One of Nuno’s many principles is to imprint and impose his philosophy on the opposition and not sacrifice his beliefs for anybody. Last season it was 3-4-3 week after week and to be honest, I thought they’d come unstuck at some point for not having a plan B.
That didn’t prove to the case – they waltzed the league and played the finest football I’ve ever seen at Molineux. However, they’re now a much smaller fish in a much bigger pond and they may have to respect the opposition a little more this season. A couple of the players have already spoken of the difficult in prising apart opposition defences, who are obviously far more organised and savvy than those in the Championship. You’re more likely to see Robert Taylor given a rousing standing ovation from both sets of fans at Molineux on Saturday than you are to hear Nuno shout ‘get it in the mixer lads’ but the head coach may need a plan B up his sleeve this season.
Indeed, City fans will be all too familiar with Wolves after they became the first side to stop Guardiola’s side scoring inside 90 minutes last October. What can fans expect when the two sides face off at the Molineux on Saturday?

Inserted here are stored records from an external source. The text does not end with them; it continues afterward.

theorem mainTheorem10:
  fixes X :: "'a topology" and D :: "(real \<Rightarrow> 'a) set"
    and Xk Ak Bk :: "nat \<Rightarrow> 'a set" and A B :: "'a set"
    and Qo Po :: "nat \<Rightarrow> 'a \<Rightarrow> 'a"
    and Qm Pm :: "nat \<Rightarrow> (real \<Rightarrow> 'a) set \<Rightarrow> (real \<Rightarrow> 'a) set"
    and \<theta> \<eta> :: "nat \<Rightarrow> 'a \<Rightarrow> (real \<Rightarrow> 'a) set"
    and PPo :: "'a \<Rightarrow> 'a" and PPm :: "(real \<Rightarrow> 'a) set \<Rightarrow> (real \<Rightarrow> 'a) set"
  assumes dsp: "dspace X D"
    and Xsub: "Xk 1 \<subseteq> topspace X" "Xk 2 \<subseteq> topspace X"
    and Xcov: "topspace X = (X interior_of Xk 1) \<union> (X interior_of Xk 2)"
    and Dgen: "\<forall>p. p \<in> D \<longleftrightarrow> (\<exists>(n::nat) (t::nat \<Rightarrow> real). n > 0 \<and> t 0 = 0 \<and> t n = 1 \<and>
                 (\<forall>i<n. t i < t (Suc i)) \<and>
                 (\<forall>i<n. (\<lambda>s. p (t i + s * (t (Suc i) - t i))) \<in> dpaths D (Xk 1) \<union> dpaths D (Xk 2)))"
    and X0: "Xk 0 = Xk 1 \<inter> Xk 2"
    and ABsub: "\<forall>k\<in>{0,1,2}. Ak k \<subseteq> Bk k \<and> Bk k \<subseteq> Xk k"
    and A0: "Ak 0 = Ak 1 \<inter> Ak 2" and B0: "Bk 0 = Bk 1 \<inter> Bk 2"
    and Adef: "A = Ak 1 \<union> Ak 2" and Bdef: "B = Bk 1 \<union> Bk 2"
    and Acov: "A = (subtopology X A interior_of Ak 1) \<union> (subtopology X A interior_of Ak 2)"
    and Bcov: "B = (subtopology X B interior_of Bk 1) \<union> (subtopology X B interior_of Bk 2)"
    \<comment> \<open>compatible future retracts Q_k : pi1(X_k) \<rightarrow> pi1(X_k,B_k) with units \<theta>_k\<close>
    and Qfr: "\<forall>k\<in>{0,1,2}. future_retract X D (Xk k) (Xk k) (Bk k) (Qo k) (Qm k) (\<theta> k)"
    and Qcomp: "\<forall>k\<in>{1,2}.
        (\<forall>x\<in>Xk 0. Qo k x = Qo 0 x) \<and>
        (\<forall>x\<in>Xk 0. \<forall>y\<in>Xk 0. \<forall>f\<in>dhom X D (Xk 0) x y.
            Qm k (dincl X D (Xk k) f) = dincl X D (Xk k) (Qm 0 f)) \<and>
        (\<forall>x\<in>Xk 0. dincl X D (Xk k) (\<theta> 0 x) = \<theta> k x)"
    \<comment> \<open>compatible future retracts P_k : pi1(X_k,B_k) \<rightarrow> pi1(X_k,A_k) with units \<eta>_k\<close>
    and Pfr: "\<forall>k\<in>{0,1,2}. future_retract X D (Xk k) (Bk k) (Ak k) (Po k) (Pm k) (\<eta> k)"
    and Pcomp: "\<forall>k\<in>{1,2}.
        (\<forall>x\<in>Bk 0. Po k x = Po 0 x) \<and>
        (\<forall>x\<in>Bk 0. \<forall>y\<in>Bk 0. \<forall>f\<in>dhom X D (Xk 0) x y.
            Pm k (dincl X D (Xk k) f) = dincl X D (Xk k) (Pm 0 f)) \<and>
        (\<forall>x\<in>Bk 0. dincl X D (Xk k) (\<eta> 0 x) = \<eta> k x)"
    \<comment> \<open>P : pi1(X,B) \<rightarrow> pi1(X,A) a functor with P o j_k = j'_k o P_k\<close>
    and Pfun: "dfunctor X D (topspace X) B (topspace X) A PPo PPm"
    and Pglue: "\<forall>k\<in>{1,2}.
        (\<forall>x\<in>Bk k. PPo x = Po k x) \<and>
        (\<forall>x\<in>Bk k. \<forall>y\<in>Bk k. \<forall>f\<in>dhom X D (Xk k) x y.
            PPm (dincl X D (topspace X) f) = dincl X D (topspace X) (Pm k f))"
  shows "let \<eta>P = (\<lambda>x. dincl X D (topspace X) (\<eta> (if x \<in> Bk 1 then 1 else 2) x)) in
           (\<forall>k\<in>{1,2}. \<forall>x\<in>Bk k. \<eta>P x = dincl X D (topspace X) (\<eta> k x)) \<and>
           left_adjoint_incl X D (topspace X) B A PPo PPm \<eta>P \<and>
           (\<forall>a\<in>A. adj_counit X D (topspace X) PPo \<eta>P a = did X D (topspace X) a) \<and>
           future_retract X D (topspace X) B A PPo PPm \<eta>P"
proof -
  txt \<open>The hypotheses describe the gluing situation; the interior conditions are only used
    to see that \<open>X\<^sub>1\<close> and \<open>X\<^sub>2\<close> cover \<open>X\<close>, and the subdivision property of dipaths is the
    forward direction of the description of \<open>D\<close>.\<close>
  interpret glued_retracts X D Xk Ak Bk A B Qo Po Qm Pm \<theta> \<eta> PPo PPm
  proof unfold_locales
    show "dspace X D" by (rule dsp)
    show "topspace X = Xk 1 \<union> Xk 2"
      using Xcov interior_of_subset[of X "Xk 1"] interior_of_subset[of X "Xk 2"] Xsub by blast
    show "\<And>p. p \<in> D \<Longrightarrow> \<exists>n t. 0 < n \<and> t 0 = 0 \<and> t n = 1 \<and> (\<forall>i<n. t i < t (Suc i)) \<and>
           (\<forall>i<n. (\<lambda>s. p (t i + s * (t (Suc i) - t i))) \<in> dpaths D (Xk 1) \<union> dpaths D (Xk 2))"
      using Dgen by blast
    show "Xk 0 = Xk 1 \<inter> Xk 2" "Bk 0 = Bk 1 \<inter> Bk 2" "A = Ak 1 \<union> Ak 2" "B = Bk 1 \<union> Bk 2"
      by (fact X0 B0 Adef Bdef)+
    show "dfunctor X D (topspace X) B (topspace X) A PPo PPm" by (fact Pfun)
    show "\<And>k. k \<in> {0,1,2} \<Longrightarrow> Ak k \<subseteq> Bk k \<and> Bk k \<subseteq> Xk k"
      "\<And>k. k \<in> {0,1,2} \<Longrightarrow> future_retract X D (Xk k) (Xk k) (Bk k) (Qo k) (Qm k) (\<theta> k)"
      "\<And>k. k \<in> {0,1,2} \<Longrightarrow> future_retract X D (Xk k) (Bk k) (Ak k) (Po k) (Pm k) (\<eta> k)"
      using ABsub Qfr Pfr by blast+
    show "\<And>k x. k \<in> {1,2} \<Longrightarrow> x \<in> Xk 0 \<Longrightarrow> Qo k x = Qo 0 x"
      "\<And>k x. k \<in> {1,2} \<Longrightarrow> x \<in> Xk 0 \<Longrightarrow> dincl X D (Xk k) (\<theta> 0 x) = \<theta> k x"
      using Qcomp by blast+
    show "\<And>k x. k \<in> {1,2} \<Longrightarrow> x \<in> Bk 0 \<Longrightarrow> dincl X D (Xk k) (\<eta> 0 x) = \<eta> k x"
      using Pcomp by blast
    show "\<And>k x. k \<in> {1,2} \<Longrightarrow> x \<in> Bk k \<Longrightarrow> PPo x = Po k x"
      "\<And>k x y f. k \<in> {1,2} \<Longrightarrow> x \<in> Bk k \<Longrightarrow> y \<in> Bk k \<Longrightarrow> f \<in> dhom X D (Xk k) x y \<Longrightarrow>
         PPm (dincl X D (topspace X) f) = dincl X D (topspace X) (Pm k f)"
      using Pglue by blast+
  qed
  have "let \<eta>P = glued_unit in
      (\<forall>k\<in>{1,2}. \<forall>x\<in>Bk k. \<eta>P x = dincl X D (topspace X) (\<eta> k x)) \<and>
      left_adjoint_incl X D (topspace X) B A PPo PPm \<eta>P \<and>
      (\<forall>a\<in>A. adj_counit X D (topspace X) PPo \<eta>P a = did X D (topspace X) a) \<and>
      future_retract X D (topspace X) B A PPo PPm \<eta>P"
    using glued_unit_eq glued_future_retract unfolding Let_def future_retract_def by blast
  from this[unfolded glued_unit_def] show ?thesis .
qed
theorem theorem2:
  fixes a :: "real^4" and q :: real and I :: "real set" and g :: "real \<Rightarrow> real^4"
  assumes a_nz: "a \<noteq> 0"
    and q_nz: "q \<noteq> 0"
    and I_open: "open I" and I_int: "is_interval I" and I_ne: "I \<noteq> {}"
    and on_sphere: "\<forall>s\<in>I. norm (g s) = 1"
    and smooth1: "\<forall>s\<in>I. g differentiable (at s)"
    and smooth2: "\<forall>s\<in>I. vel g differentiable (at s)"
    and smooth3: "\<forall>s\<in>I. (\<lambda>t. vector_derivative (vel g) (at t)) differentiable (at s)"
    and unit_speed: "\<forall>s\<in>I. norm (vel g s) = 1"
    and conformal: "\<forall>s\<in>I. cov_deriv g (vel g) s = q *\<^sub>R sphere_cross (g s) (confV a (g s)) (vel g s)"
  shows "\<exists>a1 a2 :: real.
     (\<forall>s\<in>I. g s \<bullet> a = a1 * cos s + a2 * sin s) \<and>
     ((\<forall>s\<in>I. cov_deriv g (vel g) s = 0) \<longrightarrow>
        (\<exists>v w :: real^4. norm v = 1 \<and> norm w = 1 \<and> v \<bullet> w = 0 \<and> a \<in> span {v, w} \<and>
           (\<forall>s\<in>I. g s = cos s *\<^sub>R v + sin s *\<^sub>R w))) \<and>
     (\<not> (\<forall>s\<in>I. cov_deriv g (vel g) s = 0) \<longrightarrow>
        (\<forall>s\<in>I. curv g s = \<bar>q\<bar> * sqrt ((norm a)\<^sup>2 - (a1\<^sup>2 + a2\<^sup>2)) \<and>
                tors g s = - q * (a1 * sin s - a2 * cos s)))"
proof -
  interpret conformal_trajectory I g a q
    using I_open I_int on_sphere smooth1 smooth2 unit_speed conformal by unfold_locales auto
  obtain a1 a2 where harmonic:
    "\<forall>s\<in>I. g s \<bullet> a = a1 * cos s + a2 * sin s \<and> vel g s \<bullet> a = - a1 * sin s + a2 * cos s"
    using inner_curve_harmonic by blast
  then have inner_curve_a: "\<And>s. s \<in> I \<Longrightarrow> g s \<bullet> a = a1 * cos s + a2 * sin s"
    and inner_vel_a: "\<And>s. s \<in> I \<Longrightarrow> vel g s \<bullet> a = - a1 * sin s + a2 * cos s"
    by blast+
  have geodesic_case: "(\<forall>s\<in>I. cov_deriv g (vel g) s = 0) \<longrightarrow>
      (\<exists>v w. norm v = 1 \<and> norm w = 1 \<and> v \<bullet> w = 0 \<and> a \<in> span {v, w} \<and>
        (\<forall>s\<in>I. g s = cos s *\<^sub>R v + sin s *\<^sub>R w))"
    using geodesic_plane[OF q_nz I_ne] by blast
  have non_geodesic_case: "\<not> (\<forall>s\<in>I. cov_deriv g (vel g) s = 0) \<longrightarrow>
      (\<forall>s\<in>I. curv g s = \<bar>q\<bar> * sqrt ((norm a)\<^sup>2 - (a1\<^sup>2 + a2\<^sup>2)) \<and>
        tors g s = - q * (a1 * sin s - a2 * cos s))"
    using curv_eq[OF inner_curve_a inner_vel_a] tors_eq[OF inner_curve_a inner_vel_a] by blast
  show ?thesis
    using inner_curve_a geodesic_case non_geodesic_case by blast
qed

end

I’m interested to see how Wolves approach it. Arguably the only occasion they set up with a staunch defensive line-up last season was for that game at the Etihad (mind you they still created a number of clear-cut chances on the counter attack). Every other time they’ve taken to the field under Nuno they’ve been on the attack from the off – they took the game to Leicester last weekend and could have been 3-0 up inside 20 minutes and Nuno has spoken this week of the first goal being absolutely key (Wolves scored first 33 times last season and won 30 of those games, drawing the other three) after conceding first against both Everton and Leicester.
Fans can expect to see a confident team who won’t fear City and are always comfortable at home. They’ve lost only twice under Nuno and it’s very much been ‘Fortress Molineux’.
Adama Traore impressed off the bench at Leicester last weekend, with the £18m man making his debut from the bench, and he stormed past defenders like an express train. He, along with Neves, Joao Moutinho, Jota and Raul Jimenez (a Mexican international striker on loan from Benfica who has impressed) have the capability to trouble City, but it’s at the other end where I’d been concerned. Wolves kept 24 clean sheets last season but have conceded four goals in two games and look defensively uneasy for the first time under Nuno.
Whatever happens they’ll certainly be easy on the eye – they play it out from back and move it around nicely in midfield with the pace of Jota, Helder Costa and Traore making them explosive up front.
How do you think the final scoreline might look?
I don’t think it will be the massacre some are fearing after City’s demolition of Huddersfield last week. In the past Wolves have upset Manchester United, Chelsea, Liverpool and, yes, City in the Premier League and if they score the first goal, backed by a vociferous crowd, then you never know. However with head ruling heart, I’d have to say City will win 3-1.